The program takes 20 minutes to start itself then error codes are shown.
On GTX1080Ti PC, it works without waiting a long time.

Note that some CUDA10.0 samples work on RTX3090 PC inside the docker container.

The error codes as follows
2020-12-01 08:12:06.722138: E tensorflow/stream_executor/cuda/cuda_blas.cc:428] failed to run cuBLAS routine: CUBLAS_STATUS_EXECUTION_FAILED
2020-12-01 08:12:06.722611: I tensorflow/stream_executor/stream.cc:4838] [stream=0x555d1dba6960,impl=0x555d1dd5fe80] did not memzero GPU location; source: 0x7f1872ffbd20
2020-12-01 08:12:06.722627: I tensorflow/stream_executor/stream.cc:315] did not allocate timer: 0x7f1872ffbd30
2020-12-01 08:12:06.722633: I tensorflow/stream_executor/stream.cc:1839] [stream=0x555d1dba6960,impl=0x555d1dd5fe80] did not enqueue ‘start timer’: 0x7f1872ffbd30
2020-12-01 08:12:06.722642: I tensorflow/stream_executor/stream.cc:1851] [stream=0x555d1dba6960,impl=0x555d1dd5fe80] did not enqueue ‘stop timer’: 0x7f1872ffbd30
2020-12-01 08:12:06.722651: F tensorflow/stream_executor/gpu/gpu_timer.cc:65] Check failed: start_event_ != nullptr && stop_event_ != nullptr
Aborted (core dumped)

Environment

GPU Type: GTX1080TI(works), RTX3090(doesn’t work)
Nvidia Driver Version: 418.40.04(1080Ti PC), 455.45.01(3090 PC)
CUDA Version:10.1(1080Ti PC host), 11.1(3090 PC host), 10.0(docker)
CUDNN Version: 7
Operating System + Version: Ubuntu18.04(1080Ti PC), Ubuntu 20.04(3090 PC), Ubuntu 18.04(docker)
Python Version (if applicable): 2.7
TensorFlow Version (if applicable): 1.14
Baremetal or Container (if container which image + tag): I used it as a base image; nvidia/cuda:10.0-cudnn7-devel-ubuntu18.04

AakankshaS · December 2, 2020, 8:51am

Hi @asobod11138,
I suggest you to raise this concern to CUDA forum, they should be able to help you better here.

Thanks!

asobod11138 · December 2, 2020, 9:56am

Thanks! I changed this question to CUDA forum.

cbuchner1 · December 2, 2020, 10:11am

I am wondering if maybe TensorFlow 1.14 might not contain native code for the RTX 3000 series of cards (Ampere generation) and hence it hits the JIT (Just-in-time) compilation in the CUDA driver on the host machine.

This would explain the long startup times.

I’ve previously seen crashes in JITted code due to driver bugs, and in one case due to an overly complex kernel getting JITTed and running out of (stack?) memory in the process.

Is upgrading to TensorFlow 1.15 an option?
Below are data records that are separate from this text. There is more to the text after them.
lemma rep_weight_eq_sum_at:
  assumes "finite I" "j \<in> I" "\<forall>i\<in>I. 0 < b i"
  shows "rep_weight q I b m = (\<Sum>v\<le>m. rep_weight_at q j v I b m)"
proof -
  have fin: "finite (reps I b m)" using finite_reps assms(1,3) by blast
  have "(\<Sum>v\<le>m. rep_weight_at q j v I b m)
      = (\<Sum>v\<le>m. \<Sum>k\<in>reps I b m. if k j = v then incl_prob q (k ` I) else 0)"
    by (simp add: rep_weight_at_def sum.inter_filter[OF fin])
  also have "\<dots> = (\<Sum>k\<in>reps I b m. \<Sum>v\<le>m. if k j = v then incl_prob q (k ` I) else 0)"
    by (rule sum.swap)
  also have "\<dots> = (\<Sum>k\<in>reps I b m. incl_prob q (k ` I))"
    using reps_coord_le[OF assms(1) _ assms(2)] assms(2,3) by (intro sum.cong) auto
  finally show ?thesis unfolding rep_weight_def by simp
qed

lemma inj_on_restrict_Diff:
  assumes "j \<in> I"
  shows "inj_on (\<lambda>k. restrict k (I - {j})) {k \<in> I \<rightarrow>\<^sub>E B. k j = v}"
proof (rule inj_onI, rule ext)
  fix k k' x
  assume k: "k \<in> {k \<in> I \<rightarrow>\<^sub>E B. k j = v}" and k': "k' \<in> {k \<in> I \<rightarrow>\<^sub>E B. k j = v}"
    and eq: "restrict k (I - {j}) = restrict k' (I - {j})"
  show "k x = k' x"
  proof (cases "x \<in> I - {j}")
    case True
    then show ?thesis using fun_cong[OF eq, of x] by simp
  qed (use k k' assms in \<open>auto simp: PiE_iff extensional_def\<close>)
qed

lemma sum_fun_upd_merge:
  fixes b :: "'a \<Rightarrow> nat"
  assumes "finite I" "i \<in> I" "j \<in> I" "i \<noteq> j"
  shows "sum (b(j := b j + b i)) (I - {i}) = sum b I"
proof -
  have "sum (b(j := b j + b i)) (I - {i}) = b j + b i + sum b (I - {i} - {j})"
    using assms by (subst sum.remove[of _ j]) (auto intro!: sum.cong)
  also have "\<dots> = sum b I"
    using assms by (simp add: sum.remove[of I i] sum.remove[of "I - {i}" j])
  finally show ?thesis .
qed

lemma sum_incl_prob_drop_coord_le:
  assumes fin: "finite I" and j: "j \<in> I" and pos: "\<forall>i\<in>I. 0 < b i" and q: "\<And>x. 0 \<le> q x"
  shows "(\<Sum>k\<in>{k \<in> reps I b m. k j = v}. incl_prob q (k ` (I - {j})))
    \<le> (if b j * v \<le> m then rep_weight q (I - {j}) b (m - b j * v) else 0)"
proof (cases "b j * v \<le> m")
  case False
  then have none: "{k \<in> reps I b m. k j = v} = {}" using reps_term_le[OF fin _ j] by fastforce
  show ?thesis using False by (simp only: none sum.empty if_False order_refl)
next
  case True
  define S where "S = {k \<in> reps I b m. k j = v}"
  define \<rho> where "\<rho> k = restrict k (I - {j})" for k :: "nat \<Rightarrow> nat"
  have inj: "inj_on \<rho> S"
    by (rule inj_on_subset[OF inj_on_restrict_Diff[OF j, of UNIV v, folded \<rho>_def]])
       (auto simp: S_def reps_def)
  have img: "\<rho> ` S \<subseteq> reps (I - {j}) b (m - b j * v)"
  proof
    fix x assume "x \<in> \<rho> ` S"
    then obtain k where k: "k \<in> S" and x: "x = \<rho> k" by auto
    have "(\<Sum>i\<in>I. b i * k i) = b j * k j + (\<Sum>i\<in>I - {j}. b i * k i)"
      using fin j by (rule sum.remove)
    moreover have "(\<Sum>i\<in>I - {j}. b i * x i) = (\<Sum>i\<in>I - {j}. b i * k i)"
      unfolding x \<rho>_def by (intro sum.cong) auto
    ultimately show "x \<in> reps (I - {j}) b (m - b j * v)"
      using k unfolding x S_def reps_def \<rho>_def by auto
  qed
  have "(\<Sum>k\<in>S. incl_prob q (k ` (I - {j}))) = (\<Sum>k\<in>S. incl_prob q (\<rho> k ` (I - {j})))"
    by (intro sum.cong) (auto simp: \<rho>_def)
  also have "\<dots> = (\<Sum>x\<in>\<rho> ` S. incl_prob q (x ` (I - {j})))"
    by (rule sum.reindex[OF inj, symmetric, unfolded comp_def])
  also have "\<dots> \<le> rep_weight q (I - {j}) b (m - b j * v)"
    unfolding rep_weight_def
    by (rule sum_mono2[OF finite_reps img]) (use fin pos q in \<open>auto intro: incl_prob_nonneg\<close>)
  finally show ?thesis using True unfolding S_def by (simp only: if_True)
qed

lemma sum_incl_prob_coincide_le:
  assumes fin: "finite I" and j: "j \<in> I" and i: "i \<in> I - {j}"
    and pos: "\<forall>i\<in>I. 0 < b i" and q: "\<And>x. 0 \<le> q x"
  shows "(\<Sum>k\<in>{k \<in> reps I b m. k j = v \<and> k i = v}. incl_prob q (k ` I))
    \<le> rep_weight_at q j v (I - {i}) (b(j := b j + b i)) m"
proof -
  define b' where "b' = b(j := b j + b i)"
  define S where "S = {k \<in> reps I b m. k j = v \<and> k i = v}"
  define \<rho> where "\<rho> k = restrict k (I - {i})" for k :: "nat \<Rightarrow> nat"
  have j': "j \<in> I - {i}" using i j by auto
  have inj: "inj_on \<rho> S"
    by (rule inj_on_subset[OF inj_on_restrict_Diff[of i I UNIV v, folded \<rho>_def]])
       (use i in \<open>auto simp: S_def reps_def\<close>)
  have img: "\<rho> ` S \<subseteq> {k \<in> reps (I - {i}) b' m. k j = v}"
  proof
    fix x assume "x \<in> \<rho> ` S"
    then obtain k where k: "k \<in> S" and x: "x = \<rho> k" by auto
    have kv: "k i = v" "k j = v" using k unfolding S_def by auto
    have "(\<Sum>l\<in>I. b l * k l) = b i * k i + (b j * k j + (\<Sum>l\<in>I - {i} - {j}. b l * k l))"
      using fin i j' by (simp add: sum.remove[of I i] sum.remove[of "I - {i}" j])
    moreover have "(\<Sum>l\<in>I - {i}. b' l * x l) = b' j * x j + (\<Sum>l\<in>I - {i} - {j}. b l * k l)"
      using fin j' unfolding x \<rho>_def b'_def by (simp add: sum.remove[of "I - {i}" j])
    ultimately show "x \<in> {k \<in> reps (I - {i}) b' m. k j = v}"
      using k kv j' unfolding S_def reps_def x \<rho>_def b'_def by (auto simp: algebra_simps)
  qed
  have "(\<Sum>k\<in>S. incl_prob q (k ` I)) = (\<Sum>k\<in>S. incl_prob q (\<rho> k ` (I - {i})))"
  proof (intro sum.cong refl arg_cong[where f = "incl_prob q"])
    fix k assume "k \<in> S"
    then have "k i \<in> k ` (I - {i})" using i j' unfolding S_def by (auto intro: image_eqI[of _ _ j])
    then have "k ` I = k ` (I - {i})" using i by blast
    then show "k ` I = \<rho> k ` (I - {i})" by (auto simp: \<rho>_def)
  qed
  also have "\<dots> = (\<Sum>x\<in>\<rho> ` S. incl_prob q (x ` (I - {i})))"
    by (rule sum.reindex[OF inj, symmetric, unfolded comp_def])
  also have "\<dots> \<le> rep_weight_at q j v (I - {i}) b' m"
    unfolding rep_weight_at_def
    by (rule sum_mono2) (use fin pos q i img finite_reps[of "I - {i}" b' m] in
        \<open>auto intro: incl_prob_nonneg simp: b'_def\<close>)
  finally show ?thesis unfolding S_def b'_def .
qed

lemma incl_prob_image_le:
  assumes fin: "finite I" and j: "j \<in> I" "k j = v" and q: "\<And>x. 0 \<le> q x"
  shows "incl_prob q (k ` I)
    \<le> incl_prob q {v} * incl_prob q (k ` (I - {j})) + (\<Sum>i\<in>I - {j}. if k i = v then incl_prob q (k ` I) else 0)"
    (is "_ \<le> _ + ?coinc")
proof -
  have coinc: "0 \<le> ?coinc" by (intro sum_nonneg) (simp add: incl_prob_nonneg q)
  show ?thesis
  proof (cases "v \<in> k ` (I - {j})")
    case True
    then obtain i where i: "i \<in> I - {j}" "k i = v" by auto
    have "incl_prob q (k ` I) = (if k i = v then incl_prob q (k ` I) else 0)" using i by simp
    also have "\<dots> \<le> ?coinc" using i fin incl_prob_nonneg[OF q] by (intro member_le_sum) auto
    finally have "incl_prob q (k ` I) \<le> ?coinc" .
    moreover have "0 \<le> incl_prob q {v} * incl_prob q (k ` (I - {j}))"
      using incl_prob_nonneg[OF q] by simp
    ultimately show ?thesis by linarith
  next
    case False
    have "k ` I = insert v (k ` (I - {j}))" using j by auto
    then have "incl_prob q (k ` I) = incl_prob q {v} * incl_prob q (k ` (I - {j}))"
      using incl_prob_insert[of "k ` (I - {j})" v q] fin False by simp
    then show ?thesis using coinc by linarith
  qed
qed

lemma rep_weight_at_le_merge:
  assumes fin: "finite I" and j: "j \<in> I" and pos: "\<forall>i\<in>I. 0 < b i" and q: "\<And>x. 0 \<le> q x"
  shows "rep_weight_at q j v I b m
    \<le> incl_prob q {v} * (if b j * v \<le> m then rep_weight q (I - {j}) b (m - b j * v) else 0)
      + (\<Sum>i\<in>I - {j}. rep_weight_at q j v (I - {i}) (b(j := b j + b i)) m)"
proof -
  define S where "S = {k \<in> reps I b m. k j = v}"
  have finS: "finite S" unfolding S_def using finite_reps[OF fin pos] by simp
  have coinc: "(\<Sum>k\<in>S. if k i = v then incl_prob q (k ` I) else 0)
      = (\<Sum>k\<in>{k \<in> reps I b m. k j = v \<and> k i = v}. incl_prob q (k ` I))" for i
  proof -
    have "(\<Sum>k\<in>S. if k i = v then incl_prob q (k ` I) else 0) = (\<Sum>k\<in>{k \<in> S. k i = v}. incl_prob q (k ` I))"
      by (rule sum.inter_filter[OF finS, symmetric])
    also have "{k \<in> S. k i = v} = {k \<in> reps I b m. k j = v \<and> k i = v}" unfolding S_def by auto
    finally show ?thesis .
  qed
  have "rep_weight_at q j v I b m = (\<Sum>k\<in>S. incl_prob q (k ` I))"
    unfolding rep_weight_at_def S_def ..
  also have "\<dots> \<le> (\<Sum>k\<in>S. incl_prob q {v} * incl_prob q (k ` (I - {j}))
      + (\<Sum>i\<in>I - {j}. if k i = v then incl_prob q (k ` I) else 0))"
    using fin j q by (intro sum_mono incl_prob_image_le) (auto simp: S_def)
  also have "\<dots> = incl_prob q {v} * (\<Sum>k\<in>S. incl_prob q (k ` (I - {j})))
      + (\<Sum>i\<in>I - {j}. \<Sum>k\<in>S. if k i = v then incl_prob q (k ` I) else 0)"
    unfolding sum.distrib sum_distrib_left by (rule arg_cong[where f = "(+) _"], rule sum.swap)
  also have "\<dots> \<le> incl_prob q {v} * (if b j * v \<le> m then rep_weight q (I - {j}) b (m - b j * v) else 0)
      + (\<Sum>i\<in>I - {j}. rep_weight_at q j v (I - {i}) (b(j := b j + b i)) m)"
  proof (rule add_mono)
    show "incl_prob q {v} * (\<Sum>k\<in>S. incl_prob q (k ` (I - {j})))
        \<le> incl_prob q {v} * (if b j * v \<le> m then rep_weight q (I - {j}) b (m - b j * v) else 0)"
      using sum_incl_prob_drop_coord_le[OF fin j pos q] incl_prob_nonneg[OF q]
      unfolding S_def by (rule mult_left_mono)
    show "(\<Sum>i\<in>I - {j}. \<Sum>k\<in>S. if k i = v then incl_prob q (k ` I) else 0)
        \<le> (\<Sum>i\<in>I - {j}. rep_weight_at q j v (I - {i}) (b(j := b j + b i)) m)"
      unfolding coinc by (intro sum_mono sum_incl_prob_coincide_le[OF fin j _ pos q])
  qed
  finally show ?thesis .
qed

section \<open>Convolution bounds\<close>

text \<open>In the application \<open>F\<close> is the regularisation of \<open>f\<close> defined below. The parameter \<open>W\<close>
  bounds the sum of the coefficients; this bound survives the merging of coordinates.\<close>

locale dominated_weights =
  fixes q :: "nat \<Rightarrow> real" and F :: "nat \<Rightarrow> real" and c :: real and W :: nat
  assumes c_ge_1: "1 \<le> c" and q_nonneg: "\<And>x. 0 \<le> q x"
    and F_mono: "\<And>u m. u \<le> m \<Longrightarrow> F u \<le> F m" and F_ge_1: "\<And>m. 1 \<le> F m"
    and q_le: "\<And>v. 1 \<le> v \<Longrightarrow> q v \<le> c * F v / real v"
    and sum_F_power_le: "\<And>h. 1 \<le> h \<Longrightarrow> \<exists>C. \<forall>m. (\<Sum>u\<le>m. F u ^ h / (real u + 1)) \<le> C * F m ^ h"
begin

definition p :: "nat \<Rightarrow> real" where
  "p v = incl_prob q {v}"

text \<open>\<open>c\<^sup>h density h m\<close> is the size of the weight of the representations of \<open>m\<close> with \<open>h\<close>
  coordinates; for \<open>h = 0\<close> only the empty representation of \<open>0\<close> remains.\<close>

definition density :: "nat \<Rightarrow> nat \<Rightarrow> real" where
  "density h m = (if h = 0 then (if m = 0 then 1 else 0) else F m ^ h / (real m + 1))"

definition shifted_density :: "nat \<Rightarrow> nat \<Rightarrow> nat \<Rightarrow> real" where
  "shifted_density h v m = (\<Sum>w\<in>{1..W}. if w * v \<le> m then density h (m - w * v) else 0)"

definition admissible :: "nat set \<Rightarrow> (nat \<Rightarrow> nat) \<Rightarrow> bool" where
  "admissible I b \<longleftrightarrow> finite I \<and> (\<forall>i\<in>I. 0 < b i) \<and> sum b I \<le> W"

lemma p_eq: "p v = (if v = 0 then 1 else q v)"
  unfolding p_def by (rule incl_prob_singleton)

lemma p_nonneg: "0 \<le> p v"
  using q_nonneg by (simp add: p_eq)

lemma density_Suc: "density (Suc h) m = F m ^ Suc h / (real m + 1)"
  by (simp add: density_def)

lemma density_nonneg: "0 \<le> density h m"
  using F_ge_1[of m] unfolding density_def by auto

lemma density_le_Suc: "density h m \<le> density (Suc h) m"
proof (cases "h = 0")
  case True
  then show ?thesis using F_ge_1[of 0] F_ge_1[of m] by (auto simp: density_def)
next
  case False
  have "F m ^ h \<le> F m ^ Suc h" using F_ge_1[of m] by (intro power_increasing) auto
  then show ?thesis using False by (auto simp: density_def divide_right_mono)
qed

lemma shifted_density_nonneg: "0 \<le> shifted_density h v m"
  unfolding shifted_density_def by (intro sum_nonneg) (auto intro: density_nonneg)

lemma shifted_density_le_Suc: "shifted_density h v m \<le> shifted_density (Suc h) v m"
  unfolding shifted_density_def by (intro sum_mono) (auto intro: density_le_Suc)

lemma term_le_shifted_density:
  "w \<in> {1..W} \<Longrightarrow> (if w * v \<le> m then density h (m - w * v) else 0) \<le> shifted_density h v m"
  unfolding shifted_density_def
  by (rule member_le_sum[where f = "\<lambda>w. if w * v \<le> m then density h (m - w * v) else 0"])
     (auto intro: density_nonneg)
From what I gather here, they have Ampere support in it
https://developer.nvidia.com/blog/accelerating-tensorflow-on-a100-gpus/

Robert_Crovella · December 2, 2020, 3:46pm

This behavior isn’t surprising. You might wish to use a TF container that has already been built with software versions that support Ampere. A container like that is available on ngc and you can see the release notes to discover what software versions it contains.

asobod11138 · December 3, 2020, 1:53pm

Thank you very much!

asobod11138 · December 3, 2020, 2:12pm

It has seemed like a good solution, so I tried it, but I couldn’t solve my problem because of Python2.
Actually, I am using ROS melodic. Therefore, my program needs to run on Python2.

So I tried to find the container with Python2, and the latest version is 20.01-tf1-py2. However, it was released on 01/28/2020 at 08:24 AM.

I thought it doesn’t support Ampere, but I tried then the same problem occurred, as I thought.

Is there any container supporting Ampere with Tensorflow1 and Python2?

[Edit to add more information]
I said, “same problem” but not the same.
Waiting for a long time to start the program is the same, but the program is working.

Robert_Crovella · December 3, 2020, 3:16pm

There isn’t one in NGC that I know of. Python2 support was dropped a while ago. You may find one somewhere else on the web, or you can try building your own.

asobod11138 · December 3, 2020, 3:28pm

Alright. Thank you very much for your kindness.

frank_nollert · February 12, 2021, 3:43pm

Hi @Robert_Crovella , thanks for answering the question. Would you mind elaborating on why this behavior isn’t surprising?
I am in a very similar situation and use a cache to not JIT for every execution, which seems to work fine (Also TF1.14, inside docker with Cuda 10, host driver 460.39 with RTX3090):

export CUDA_CACHE_DISABLE=0
export CUDA_CACHE_MAXSIZE=2147483647

The compilation works and the program processes the data. However, the outputs are seemingly random numbers (which isn’t the case when running the same model from a 2080 without docker). Conceptually, should the JIT compilation work or is running CUDA10 inside a container in principal not supported for Ampere (based on the documentation I saw so far I thought it would be)?
Switching to a different base container means a lot of work in our case, hence I try to understand the problem better first. More information would be very appreciated.

Robert_Crovella · February 12, 2021, 4:05pm

I wouldn’t be able to say anything specific about this case. The reason I find it not surprising that something goes wrong in the original stated case is that the OP was running a container that was never designed to support an Ampere GPU and was never tested on an Ampere GPU before it was released. Bugs are always possible in any software, and such situations, in my experience, are a more likely place for bugs (when software has never been tested on the machine it is running on.)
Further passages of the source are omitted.